(Dataset entries)
========================================================================

(* Let $r\in\mathbb Z_+$ be even, $\Gamma=\Gamma_{(r,r)}$, and $E\in\mathcal C_\Gamma\setminus\{-4,0,4\}$ with $E<0$. Let $\ell\ge1$ be maximal with $\lambda_\ell^\Gamma(0,0)<E$, and let $m\ge0$ be maximal with $\lambda_m^\Gamma(\pi,\pi)<E$ (with the convention $\lambda_0^\Gamma(\pi,\pi)=-\infty$). Then there exist $(\theta_1,\varphi_1),(\theta_2,\varphi_2)\in[0,\pi]^2$ and integers $n_1,n_2\ge0$ such that $\lambda^\Gamma_{\ell+2n_1}(\theta_1,\varphi_1)<E<\lambda^\Gamma_{\ell+2n_1+1}(\theta_1,\varphi_1)$ and $\lambda^\Gamma_{m+2n_2}(\theta_2,\varphi_2)<E<\lambda^\Gamma_{m+2n_2+1}(\theta_2,\varphi_2)$.
   Context: For $r\ge3$ and $\theta\in\mathbb R$, $\Delta_\theta^r\in\mathbb C^{r\times r}$ is the Hermitian matrix with $1$ on the sub- and superdiagonals, $0$ on the diagonal, entry $e^{-i\theta}$ in position $(1,r)$ and $e^{i\theta}$ in position $(r,1)$, all other entries $0$; $\Delta_\theta^2=\begin{bmatrix}0&1+e^{-i\theta}\\1+e^{i\theta}&0\end{bmatrix}$. $\Gamma=\Gamma_{(r,r)}$, $\Delta^\Gamma_{\theta,\varphi}=\Delta_\theta^r\otimes I_r+I_r\otimes\Delta_\varphi^r$, with eigenvalues $\lambda_1^\Gamma(\theta,\varphi)\le\cdots\le\lambda_{r^2}^\Gamma(\theta,\varphi)$ counted with multiplicity (and $\lambda_0^\Gamma:=-\infty$). $\mathcal C_r=\{2\cos(\pi j/r): j\in\mathbb Z,\ 0\le j\le r\}$ and $\mathcal C_\Gamma=\{a+b:a,b\in\mathcal C_r\}$. *)

theory Defs
  imports "HOL-Analysis.Analysis" "Jordan_Normal_Form.Char_Poly" "HOL-Library.Extended_Real"
begin

definition Delta :: "nat \<Rightarrow> real \<Rightarrow> complex mat" where
  "Delta r \<theta> = mat r r (\<lambda>(i,j).
     if r = 2 then
       (if i = 0 \<and> j = 1 then 1 + exp (- \<i> * of_real \<theta>)
        else if i = 1 \<and> j = 0 then 1 + exp (\<i> * of_real \<theta>) else 0)
     else
       (if i + 1 = j \<or> j + 1 = i then 1
        else if i = 0 \<and> j = r - 1 then exp (- \<i> * of_real \<theta>)
        else if i = r - 1 \<and> j = 0 then exp (\<i> * of_real \<theta>) else 0))"

definition kron :: "complex mat \<Rightarrow> complex mat \<Rightarrow> complex mat" where
  "kron A B = mat (dim_row A * dim_row B) (dim_col A * dim_col B) (\<lambda>(i,j).
     A $$ (i div dim_row B, j div dim_col B) * B $$ (i mod dim_row B, j mod dim_col B))"

definition DeltaGamma :: "nat \<Rightarrow> real \<Rightarrow> real \<Rightarrow> complex mat" where
  "DeltaGamma r \<theta> \<phi> = kron (Delta r \<theta>) (1\<^sub>m r) + kron (1\<^sub>m r) (Delta r \<phi>)"

text \<open>Eigenvalues (counted with multiplicity, as roots of the characteristic polynomial),
  real parts (the matrix is Hermitian), sorted increasingly.\<close>
definition eigs_sorted :: "complex mat \<Rightarrow> real list" where
  "eigs_sorted A = sorted_list_of_multiset (image_mset Re (proots (char_poly A)))"

definition lamG :: "nat \<Rightarrow> nat \<Rightarrow> real \<Rightarrow> real \<Rightarrow> ereal" where
  "lamG r k \<theta> \<phi> = (if k = 0 then -\<infinity> else ereal (eigs_sorted (DeltaGamma r \<theta> \<phi>) ! (k - 1)))"

definition C_r :: "nat \<Rightarrow> real set" where
  "C_r r = {2 * cos (pi * real j / real r) | j. j \<le> r}"

definition C_Gamma :: "nat \<Rightarrow> real set" where
  "C_Gamma r = {a + b | a b. a \<in> C_r r \<and> b \<in> C_r r}"

end

theory Submission
  imports Defs
begin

========================================================================

== WORK ORDER ==
Write all the records out again. Nothing may differ from the original.

== RESULT OF THE EXERCISE ==
(* Let $r\in\mathbb Z_+$ be even, $\Gamma=\Gamma_{(r,r)}$, and $E\in\mathcal C_\Gamma\setminus\{-4,0,4\}$ with $E<0$. Let $\ell\ge1$ be maximal with $\lambda_\ell^\Gamma(0,0)<E$, and let $m\ge0$ be maximal with $\lambda_m^\Gamma(\pi,\pi)<E$ (with the convention $\lambda_0^\Gamma(\pi,\pi)=-\infty$). Then there exist $(\theta_1,\varphi_1),(\theta_2,\varphi_2)\in[0,\pi]^2$ and integers $n_1,n_2\ge0$ such that $\lambda^\Gamma_{\ell+2n_1}(\theta_1,\varphi_1)<E<\lambda^\Gamma_{\ell+2n_1+1}(\theta_1,\varphi_1)$ and $\lambda^\Gamma_{m+2n_2}(\theta_2,\varphi_2)<E<\lambda^\Gamma_{m+2n_2+1}(\theta_2,\varphi_2)$.
   Context: For $r\ge3$ and $\theta\in\mathbb R$, $\Delta_\theta^r\in\mathbb C^{r\times r}$ is the Hermitian matrix with $1$ on the sub- and superdiagonals, $0$ on the diagonal, entry $e^{-i\theta}$ in position $(1,r)$ and $e^{i\theta}$ in position $(r,1)$, all other entries $0$; $\Delta_\theta^2=\begin{bmatrix}0&1+e^{-i\theta}\\1+e^{i\theta}&0\end{bmatrix}$. $\Gamma=\Gamma_{(r,r)}$, $\Delta^\Gamma_{\theta,\varphi}=\Delta_\theta^r\otimes I_r+I_r\otimes\Delta_\varphi^r$, with eigenvalues $\lambda_1^\Gamma(\theta,\varphi)\le\cdots\le\lambda_{r^2}^\Gamma(\theta,\varphi)$ counted with multiplicity (and $\lambda_0^\Gamma:=-\infty$). $\mathcal C_r=\{2\cos(\pi j/r): j\in\mathbb Z,\ 0\le j\le r\}$ and $\mathcal C_\Gamma=\{a+b:a,b\in\mathcal C_r\}$. *)

theory Defs
  imports "HOL-Analysis.Analysis" "Jordan_Normal_Form.Char_Poly" "HOL-Library.Extended_Real"
begin

definition Delta :: "nat \<Rightarrow> real \<Rightarrow> complex mat" where
  "Delta r \<theta> = mat r r (\<lambda>(i,j).
     if r = 2 then
       (if i = 0 \<and> j = 1 then 1 + exp (- \<i> * of_real \<theta>)
        else if i = 1 \<and> j = 0 then 1 + exp (\<i> * of_real \<theta>) else 0)
     else
       (if i + 1 = j \<or> j + 1 = i then 1
        else if i = 0 \<and> j = r - 1 then exp (- \<i> * of_real \<theta>)
        else if i = r - 1 \<and> j = 0 then exp (\<i> * of_real \<theta>) else 0))"

definition kron :: "complex mat \<Rightarrow> complex mat \<Rightarrow> complex mat" where
  "kron A B = mat (dim_row A * dim_row B) (dim_col A * dim_col B) (\<lambda>(i,j).
     A $$ (i div dim_row B, j div dim_col B) * B $$ (i mod dim_row B, j mod dim_col B))"

definition DeltaGamma :: "nat \<Rightarrow> real \<Rightarrow> real \<Rightarrow> complex mat" where
  "DeltaGamma r \<theta> \<phi> = kron (Delta r \<theta>) (1\<^sub>m r) + kron (1\<^sub>m r) (Delta r \<phi>)"

text \<open>Eigenvalues (counted with multiplicity, as roots of the characteristic polynomial),
  real parts (the matrix is Hermitian), sorted increasingly.\<close>
definition eigs_sorted :: "complex mat \<Rightarrow> real list" where
  "eigs_sorted A = sorted_list_of_multiset (image_mset Re (proots (char_poly A)))"

definition lamG :: "nat \<Rightarrow> nat \<Rightarrow> real \<Rightarrow> real \<Rightarrow> ereal" where
  "lamG r k \<theta> \<phi> = (if k = 0 then -\<infinity> else ereal (eigs_sorted (DeltaGamma r \<theta> \<phi>) ! (k - 1)))"

definition C_r :: "nat \<Rightarrow> real set" where
  "C_r r = {2 * cos (pi * real j / real r) | j. j \<le> r}"

definition C_Gamma :: "nat \<Rightarrow> real set" where
  "C_Gamma r = {a + b | a b. a \<in> C_r r \<and> b \<in> C_r r}"

end

theory Submission
  imports Defs
begin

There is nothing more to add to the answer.